- What needs to be done: Which lines run from the line containing "using F Fm F2" through the end of the records below? Reproduce them exactly, and nothing else.

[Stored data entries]
lemma tendsto_mult_at_sqrt_time_step:
  fixes g :: "real \<Rightarrow> real"
  assumes lim: "((\<lambda>s. g s / s\<^sup>2) \<longlongrightarrow> L) (at_right 0)" and "\<tau> > 0"
  shows "(\<lambda>n. real n * g (sqrt (\<tau> / real n))) \<longlonglongrightarrow> \<tau> * L"
proof -
  have "filterlim (\<lambda>n. sqrt (\<tau> / real n)) (at_right 0) sequentially"
    using \<open>\<tau> > 0\<close> by real_asymp
  from tendsto_mult_left[OF filterlim_compose[OF lim this], of \<tau>]
  have "(\<lambda>n. \<tau> * (g (sqrt (\<tau> / real n)) / (sqrt (\<tau> / real n))\<^sup>2)) \<longlonglongrightarrow> \<tau> * L" .
  moreover have "\<forall>\<^sub>F n in sequentially. \<tau> * (g (sqrt (\<tau> / real n)) / (sqrt (\<tau> / real n))\<^sup>2)
      = real n * g (sqrt (\<tau> / real n))"
    using eventually_gt_at_top[of 0] by eventually_elim (use \<open>\<tau> > 0\<close> in simp)
  ultimately show ?thesis by (rule Lim_transform_eventually)
qed

lemma LIMSEQ_of_uniform_approximations:
  fixes x :: "nat \<Rightarrow> real" and y :: "nat \<Rightarrow> nat \<Rightarrow> real"
  assumes y: "\<And>m. y m \<longlonglongrightarrow> b m" and b: "b \<longlonglongrightarrow> L" and e: "e \<longlonglongrightarrow> 0"
    and close: "\<And>m. \<forall>\<^sub>F n in sequentially. \<bar>x n - y m n\<bar> \<le> e m"
  shows "x \<longlonglongrightarrow> L"
proof (rule tendstoI)
  fix \<epsilon> :: real assume "\<epsilon> > 0"
  define \<delta> where "\<delta> = \<epsilon> / 3"
  have "\<delta> > 0" using \<open>\<epsilon> > 0\<close> by (simp add: \<delta>_def)
  have "\<forall>\<^sub>F m in sequentially. dist (b m) L < \<delta> \<and> e m < \<delta>"
    using tendstoD[OF b \<open>\<delta> > 0\<close>] order_tendstoD(2)[OF e \<open>\<delta> > 0\<close>] by (rule eventually_conj)
  then obtain m where m: "dist (b m) L < \<delta>" "e m < \<delta>"
    using eventually_happens'[OF sequentially_bot] by blast
  show "\<forall>\<^sub>F n in sequentially. dist (x n) L < \<epsilon>"
    using tendstoD[OF y \<open>\<delta> > 0\<close>, of m] close[of m]
  proof eventually_elim
    case (elim n)
    then show ?case using m unfolding \<delta>_def dist_real_def by linarith
  qed
qed

lemma min_truncation_error_le:
  fixes A m :: real
  assumes "0 \<le> A" "m > 0"
  shows "A - min A m \<le> A\<^sup>2 / m"
proof (cases "A \<le> m")
  case False
  then have "A \<le> A * (A / m)" using assms by (simp add: field_simps mult_right_mono)
  then show ?thesis using False assms by (simp add: power2_eq_square min_def)
qed (use assms in simp)

lemma integral_min_truncation_error_le:
  fixes F :: "'a \<Rightarrow> real"
  assumes F: "integrable M F" and F2: "integrable M (\<lambda>x. (F x)\<^sup>2)"
    and nonneg: "\<And>x. 0 \<le> F x" and "m > 0"
  shows "0 \<le> (\<integral>x. F x \<partial>M) - (\<integral>x. min (F x) m \<partial>M)"
    and "(\<integral>x. F x \<partial>M) - (\<integral>x. min (F x) m \<partial>M) \<le> (\<integral>x. (F x)\<^sup>2 \<partial>M) / m"
proof -
  have [measurable]: "F \<in> borel_measurable M" using F by auto
  have Fm: "integrable M (\<lambda>x. min (F x) m)"
    using nonneg \<open>m > 0\<close> by (intro Bochner_Integration.integrable_bound[OF F]) auto
  have "(\<integral>x. F x \<partial>M) - (\<integral>x. min (F x) m \<partial>M) = (\<integral>x. F x - min (F x) m \<partial>M)"
    using F Fm by simp
  moreover have "0 \<le> (\<integral>x. F x - min (F x) m \<partial>M)"
    by (intro integral_nonneg_AE) simp
  moreover have "(\<integral>x. F x - min (F x) m \<partial>M) \<le> (\<integral>x. (F x)\<^sup>2 / m \<partial>M)"
    using F Fm F2 nonneg \<open>m > 0\<close> by (intro integral_mono min_truncation_error_le) auto
  ultimately show "0 \<le> (\<integral>x. F x \<partial>M) - (\<integral>x. min (F x) m \<partial>M)"
    and "(\<integral>x. F x \<partial>M) - (\<integral>x. min (F x) m \<partial>M) \<le> (\<integral>x. (F x)\<^sup>2 \<partial>M) / m"
    by simp_all
qed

- Answer to this exercise:
    using F Fm F2 nonneg \<open>m > 0\<close> by (intro integral_mono min_truncation_error_le) auto
  ultimately show "0 \<le> (\<integral>x. F x \<partial>M) - (\<integral>x. min (F x) m \<partial>M)"
    and "(\<integral>x. F x \<partial>M) - (\<integral>x. min (F x) m \<partial>M) \<le> (\<integral>x. (F x)\<^sup>2 \<partial>M) / m"
    by simp_all
qed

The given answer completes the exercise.